About: I'm just this guy.

A Drum pedal repair kit won't do you any good when your pedal breaks in the middle of a rockin' party. Instead of taking the drums out of the rotation and facing ingratiating social shame, you can follow these instructions and repair most common breakages with crap you have within arms reach.

Depending on your woes, you may need
1x butter knife
1x roll electrical tape
2x compact discs that suck

Step 1: So It's Broken in Freakin' Half

Your friends were rocking out a little too hard, and now your pedal split. Maybe you already tried taping the magnet to the sole of your shoe, but that doesn't work too well.

Trust me, stick to this.

The problem with the drum pedal is that the plastic flexes again and again, inducing stress and flex, and ultimately weakening the structure. It's pretty much inevitable that this will break.

To temporarily repair a split pedal, or to prevent the flex that could kill your well used kit at any time, all you need to do is reduce pedal flex.

I used a thin flat butter knife. The purpose is to provide uniform reinforcement to the pedal. The tape will hold it together well enough for a night, and the knife will reinforce the pedal itself, preventing the damage from worsening, or holding the thing together if it's already screwed.

You know what they say: more tape is more better!

Step 2: Then Fix It Right

This probably won't help you right now, but my two breaks were a week apart, so enjoy my chronology!

I got a $20 (after shipping) Drum repair kit off of ebay.
A word to the wise: Spring for the $10 kit with hinge reinforcement.

Step 3: So Then (now) Your (my) Hinge Snapped Off!

The drum pedal is generally good.... once you reinforce the crap out of it.

But once you reinforce the pedal, it just shifts the stress. It shifts it straight back to the hinge, where high school physics tells you that the force on teh fulcrum is dramatically increased by force on the tip of the lever.

Sure, the plastic looks strong, but physics says otherwise.
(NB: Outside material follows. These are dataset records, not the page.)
(* Let $R$ be a nonsignaling bipartite resource of type $\mathsf{T}[\mathcal{X}]\,\mathsf{C}\to\mathsf{T}[\mathcal{A}]\,\mathsf{C}$, i.e. Bob's input $\mathcal{Y}$ and output $\mathcal{B}$ are classical, while Alice's input $\mathcal{X}$ and output $\mathcal{A}$ are of arbitrary type, and let $n=d[\mathcal{Y}]$ be the cardinality of Bob's input system. Then $R$ admits an $n$-symmetric extension if and only if $R$ is LOSR-free.
   Context: Systems have a dimension and a type in $\{\mathsf{I},\mathsf{C},\mathsf{Q}\}$ (trivial = dimension 1, classical, quantum). A resource is a completely positive linear map $R$ from operators on $\mathcal{X}\otimes\mathcal{Y}$ to operators on $\mathcal{A}\otimes\mathcal{B}$, trace preserving on product inputs, nonsignaling in both directions ($\mathrm{tr}_{\mathcal{A}}R[\xi\otimes\psi]$ independent of $\xi$, $\mathrm{tr}_{\mathcal{B}}R[\xi\otimes\psi]$ independent of $\psi$), with classicality constraints: for a classical output such as $\mathcal{B}$, $\langle i|R[\cdot]|j\rangle_{\mathcal{B}}=0$ for $i\neq j$; for a classical input such as $\mathcal{Y}$, $R[\xi\otimes|i\rangle\langle j|]=0$ for $i\ne j$. It is LOSR-free if $R=\sum_ip_iR^i_{\mathcal{A}|\mathcal{X}}\otimes R^i_{\mathcal{B}|\mathcal{Y}}$ for a probability distribution and single-party channels of the same types. An $n$-symmetric extension of $R$ is an $(n+1)$-party resource with parties $\mathcal{A}|\mathcal{X},\mathcal{B}_1|\mathcal{Y}_1,\dots,\mathcal{B}_n|\mathcal{Y}_n$ (copies of $\mathcal{B}|\mathcal{Y}$, of the same types), nonsignaling from any party to any other, invariant under all joint permutations of the copies, and whose reduction obtained by tracing out $\mathcal{B}_2,\dots,\mathcal{B}_n$ equals $R$. *)

theory Defs
  imports Complex_Main "HOL-Library.FuncSet" "HOL-Combinatorics.Permutations"
begin

datatype stype = TI | TC | TQ   (* trivial, classical, quantum *)

type_synonym system = "nat \<times> stype"

definition sdim :: "system \<Rightarrow> nat" where "sdim s = fst s"
definition styp :: "system \<Rightarrow> stype" where "styp s = snd s"

definition labels :: "system \<Rightarrow> nat set" where "labels s = {..<sdim s}"

definition valid_sys :: "system \<Rightarrow> bool" where
  "valid_sys s \<longleftrightarrow> 0 < sdim s \<and> (styp s = TI \<longrightarrow> sdim s = 1)"

section \<open>Operators and linear maps (in coordinates, relative to a finite carrier of basis labels)\<close>

type_synonym 'i op = "'i \<Rightarrow> 'i \<Rightarrow> complex"
text \<open>A linear map from operators on basis 'i to operators on basis 'o, given by its
  matrix coefficients: K u u' i i' = <o| K[ |i><i'| ] |u'>.\<close>
type_synonym ('o,'i) kern = "'o \<Rightarrow> 'o \<Rightarrow> 'i \<Rightarrow> 'i \<Rightarrow> complex"

definition app :: "'i set \<Rightarrow> ('o,'i) kern \<Rightarrow> 'i op \<Rightarrow> 'o op" where
  "app SI K \<rho> = (\<lambda>u u'. \<Sum>i\<in>SI. \<Sum>i'\<in>SI. K u u' i i' * \<rho> i i')"

definition op_eq_on :: "'i set \<Rightarrow> 'i op \<Rightarrow> 'i op \<Rightarrow> bool" where
  "op_eq_on S M N \<longleftrightarrow> (\<forall>i\<in>S. \<forall>j\<in>S. M i j = N i j)"

definition tr :: "'i set \<Rightarrow> 'i op \<Rightarrow> complex" where
  "tr S M = (\<Sum>i\<in>S. M i i)"

definition psd :: "'i set \<Rightarrow> 'i op \<Rightarrow> bool" where
  "psd S M \<longleftrightarrow> (\<forall>v :: 'i \<Rightarrow> complex.
      Im (\<Sum>i\<in>S. \<Sum>j\<in>S. cnj (v i) * M i j * v j) = 0 \<and>
      0 \<le> Re (\<Sum>i\<in>S. \<Sum>j\<in>S. cnj (v i) * M i j * v j))"

definition density :: "'i set \<Rightarrow> 'i op \<Rightarrow> bool" where
  "density S M \<longleftrightarrow> psd S M \<and> tr S M = 1"

definition CP :: "'i set \<Rightarrow> 'o set \<Rightarrow> ('o,'i) kern \<Rightarrow> bool" where
  "CP SI SO K \<longleftrightarrow> (\<forall>(k::nat) (\<sigma> :: (nat \<times> 'i) op).
      psd ({..<k} \<times> SI) \<sigma> \<longrightarrow>
      psd ({..<k} \<times> SO)
        (\<lambda>(c,u) (c',u'). \<Sum>i\<in>SI. \<Sum>i'\<in>SI. K u u' i i' * \<sigma> (c,i) (c',i')))"

definition ketbra :: "'i \<Rightarrow> 'i \<Rightarrow> 'i op" where
  "ketbra i j = (\<lambda>a b. if a = i \<and> b = j then 1 else 0)"

definition otimes :: "'a op \<Rightarrow> 'b op \<Rightarrow> ('a \<times> 'b) op" where
  "otimes \<xi> \<psi> = (\<lambda>(x,y) (x',y'). \<xi> x x' * \<psi> y y')"

definition ktensor :: "('a,'x) kern \<Rightarrow> ('b,'y) kern \<Rightarrow> ('a \<times> 'b, 'x \<times> 'y) kern" where
  "ktensor KA KB = (\<lambda>(a,b) (a',b') (x,y) (x',y'). KA a a' x x' * KB b b' y y')"

definition zero_op :: "'i op" where "zero_op = (\<lambda>_ _. 0)"

definition channel :: "system \<Rightarrow> system \<Rightarrow> (nat,nat) kern \<Rightarrow> bool" where
  "channel sX sA K \<longleftrightarrow>
     valid_sys sX \<and> valid_sys sA \<and>
     CP (labels sX) (labels sA) K \<and>
     (\<forall>\<xi>. tr (labels sA) (app (labels sX) K \<xi>) = tr (labels sX) \<xi>) \<and>
     (styp sA = TC \<longrightarrow> (\<forall>\<rho>. \<forall>i\<in>labels sA. \<forall>j\<in>labels sA. i \<noteq> j \<longrightarrow>
        app (labels sX) K \<rho> i j = 0)) \<and>
     (styp sX = TC \<longrightarrow> (\<forall>i\<in>labels sX. \<forall>j\<in>labels sX. i \<noteq> j \<longrightarrow>
        op_eq_on (labels sA) (app (labels sX) K (ketbra i j)) zero_op))"

definition ptrA2 :: "nat set \<Rightarrow> (nat \<times> nat) op \<Rightarrow> nat op" where
  "ptrA2 SA M = (\<lambda>b b'. \<Sum>a\<in>SA. M (a,b) (a,b'))"

definition ptrB2 :: "nat set \<Rightarrow> (nat \<times> nat) op \<Rightarrow> nat op" where
  "ptrB2 SB M = (\<lambda>a a'. \<Sum>b\<in>SB. M (a,b) (a',b))"

definition resource ::
  "system \<Rightarrow> system \<Rightarrow> system \<Rightarrow> system \<Rightarrow> (nat \<times> nat, nat \<times> nat) kern \<Rightarrow> bool" where
  "resource sX sY sA sB R \<longleftrightarrow>
    (let SX = labels sX; SY = labels sY; SA = labels sA; SB = labels sB;
         RR = app (SX \<times> SY) R in
     valid_sys sX \<and> valid_sys sY \<and> valid_sys sA \<and> valid_sys sB \<and>
     CP (SX \<times> SY) (SA \<times> SB) R \<and>
     (\<forall>\<xi> \<psi>. tr (SA \<times> SB) (RR (otimes \<xi> \<psi>)) = tr SX \<xi> * tr SY \<psi>) \<and>
     (\<forall>\<xi> \<xi>' \<psi>. density SX \<xi> \<and> density SX \<xi>' \<and> density SY \<psi> \<longrightarrow>
        op_eq_on SB (ptrA2 SA (RR (otimes \<xi> \<psi>))) (ptrA2 SA (RR (otimes \<xi>' \<psi>)))) \<and>
     (\<forall>\<xi> \<psi> \<psi>'. density SX \<xi> \<and> density SY \<psi> \<and> density SY \<psi>' \<longrightarrow>
        op_eq_on SA (ptrB2 SB (RR (otimes \<xi> \<psi>))) (ptrB2 SB (RR (otimes \<xi> \<psi>')))) \<and>
     (styp sA = TC \<longrightarrow> (\<forall>\<rho> a a' b b'. a \<in> SA \<and> a' \<in> SA \<and> b \<in> SB \<and> b' \<in> SB \<and> a \<noteq> a'
        \<longrightarrow> RR \<rho> (a,b) (a',b') = 0)) \<and>
     (styp sB = TC \<longrightarrow> (\<forall>\<rho> a a' b b'. a \<in> SA \<and> a' \<in> SA \<and> b \<in> SB \<and> b' \<in> SB \<and> b \<noteq> b'
        \<longrightarrow> RR \<rho> (a,b) (a',b') = 0)) \<and>
     (styp sX = TC \<longrightarrow> (\<forall>i\<in>SX. \<forall>j\<in>SX. \<forall>\<psi>. i \<noteq> j \<longrightarrow>
        op_eq_on (SA \<times> SB) (RR (otimes (ketbra i j) \<psi>)) zero_op)) \<and>
     (styp sY = TC \<longrightarrow> (\<forall>i\<in>SY. \<forall>j\<in>SY. \<forall>\<xi>. i \<noteq> j \<longrightarrow>
        op_eq_on (SA \<times> SB) (RR (otimes \<xi> (ketbra i j))) zero_op)))"

definition LOSR_free ::
  "system \<Rightarrow> system \<Rightarrow> system \<Rightarrow> system \<Rightarrow> (nat \<times> nat, nat \<times> nat) kern \<Rightarrow> bool" where
  "LOSR_free sX sY sA sB R \<longleftrightarrow>
    (\<exists>(m::nat) (p :: nat \<Rightarrow> real) (KA :: nat \<Rightarrow> (nat,nat) kern) (KB :: nat \<Rightarrow> (nat,nat) kern).
       (\<forall>i<m. 0 \<le> p i) \<and> (\<Sum>i<m. p i) = 1 \<and>
       (\<forall>i<m. channel sX sA (KA i) \<and> channel sY sB (KB i)) \<and>
       (\<forall>\<rho>. op_eq_on (labels sA \<times> labels sB)
          (app (labels sX \<times> labels sY) R \<rho>)
          (\<lambda>u u'. \<Sum>i<m. complex_of_real (p i) *
              app (labels sX \<times> labels sY) (ktensor (KA i) (KB i)) \<rho> u u')))"

section \<open>(n+1)-party resources A|X, B_1|Y_1, ..., B_n|Y_n (copies indexed 0..n-1)\<close>

text \<open>Basis labels of the composite X \<otimes> Y_1 \<otimes> ... \<otimes> Y_n: pairs (x, ys) with ys \<in> PiE.\<close>
definition mlabels :: "nat set \<Rightarrow> nat \<Rightarrow> nat set \<Rightarrow> (nat \<times> (nat \<Rightarrow> nat)) set" where
  "mlabels S0 n S1 = S0 \<times> (PiE {..<n} (\<lambda>_. S1))"

definition prod_in :: "nat op \<Rightarrow> nat \<Rightarrow> (nat \<Rightarrow> nat op) \<Rightarrow> (nat \<times> (nat \<Rightarrow> nat)) op" where
  "prod_in \<xi> n \<psi>s = (\<lambda>(x,ys) (x',ys'). \<xi> x x' * (\<Prod>j<n. \<psi>s j (ys j) (ys' j)))"

definition ptrA_m :: "nat set \<Rightarrow> (nat \<times> (nat \<Rightarrow> nat)) op \<Rightarrow> (nat \<Rightarrow> nat) op" where
  "ptrA_m SA M = (\<lambda>bs bs'. \<Sum>a\<in>SA. M (a,bs) (a,bs'))"

definition ptrB_m :: "nat set \<Rightarrow> nat \<Rightarrow> (nat \<times> (nat \<Rightarrow> nat)) op \<Rightarrow> (nat \<times> (nat \<Rightarrow> nat)) op" where
  "ptrB_m SB k M = (\<lambda>(a,bs) (a',bs'). \<Sum>b\<in>SB. M (a, bs(k := b)) (a', bs'(k := b)))"

text \<open>Trace out the copies B_2,...,B_n (indices 1..n-1), keeping A and B_1 (index 0).\<close>
definition ptr_rest :: "nat set \<Rightarrow> nat \<Rightarrow> (nat \<times> (nat \<Rightarrow> nat)) op \<Rightarrow> (nat \<times> nat) op" where
  "ptr_rest SB n M = (\<lambda>(a,b) (a',b').
      \<Sum>bs\<in>{bs \<in> PiE {..<n} (\<lambda>_. SB). bs 0 = b}. M (a,bs) (a', bs(0 := b')))"

definition perm_op :: "(nat \<Rightarrow> nat) \<Rightarrow> (nat \<times> (nat \<Rightarrow> nat)) op \<Rightarrow> (nat \<times> (nat \<Rightarrow> nat)) op" where
  "perm_op \<pi> M = (\<lambda>(x,ys) (x',ys'). M (x, ys \<circ> \<pi>) (x', ys' \<circ> \<pi>))"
Step 4: Steal Ideas From Others

That's really the best way to go about at anything you do.

I looked at the hinge repair kits, which (at the time of publishing) you cannot buy separately from pedal repair, and I saw just how it works. They don't REPAIR the hinge, they REPLACE IT. They use a square of lexan to reinforce the pedal, to connect it to the heel rest, but it is also flexible, and not susceptible to flex-ware out.

Well crap! I have Lexan scraps lying around! They're called CDs! (note, CDs may not actually, chemically be lexan, but neither may be teh crap on ebay. the point is, they are GOOD ENOUGH.)

A real, burned CD has a lot more flexibility than a burned cd, so use an old AOL disc is you have one lying around. I used a demo for America's Army that I got at PAX last year (see, you should go, look how handy it will be).

You will want two CDs, just to be thorough. One should do the trick, but really, when are you ever going to listen to your Spin Doctors CD (the second one, not the album with "2 Princes") again?

Using a pair of scissors, cut them to basically the width of the heel of the drum pedal.

Step 5:

Start by taping the CDs, the the base of the pedal, slightly staggered to increase the effective length of the pieces. More tape is more better. Go around a few times, but not so much that it becomes uncomfortably thick.

Step 6: Reinforce the Heel. REALLY WELL.

Next put the heel of the pedal into the hinge where it belongs, and attach the bottom of the CDs to the heel plate of the pedal.

Remember, more tape is more better. Get that thing on tight. Electrical tape is flexible, is this to your advantage by pulling it tight around the unit.

And now you're done! This whole thing takes about 15 minutes, so you can be back to your party in no time. It's also easy enough to do while hammered, though you may want a designated driver to handle the scissors.

Though the hinge fix is mickey moused, mine lasted for weeks of heavy use.
Until the magnetic switch itself broke.

I don't have a fix for that, so I'll finally have to send the stupid thing back to EA.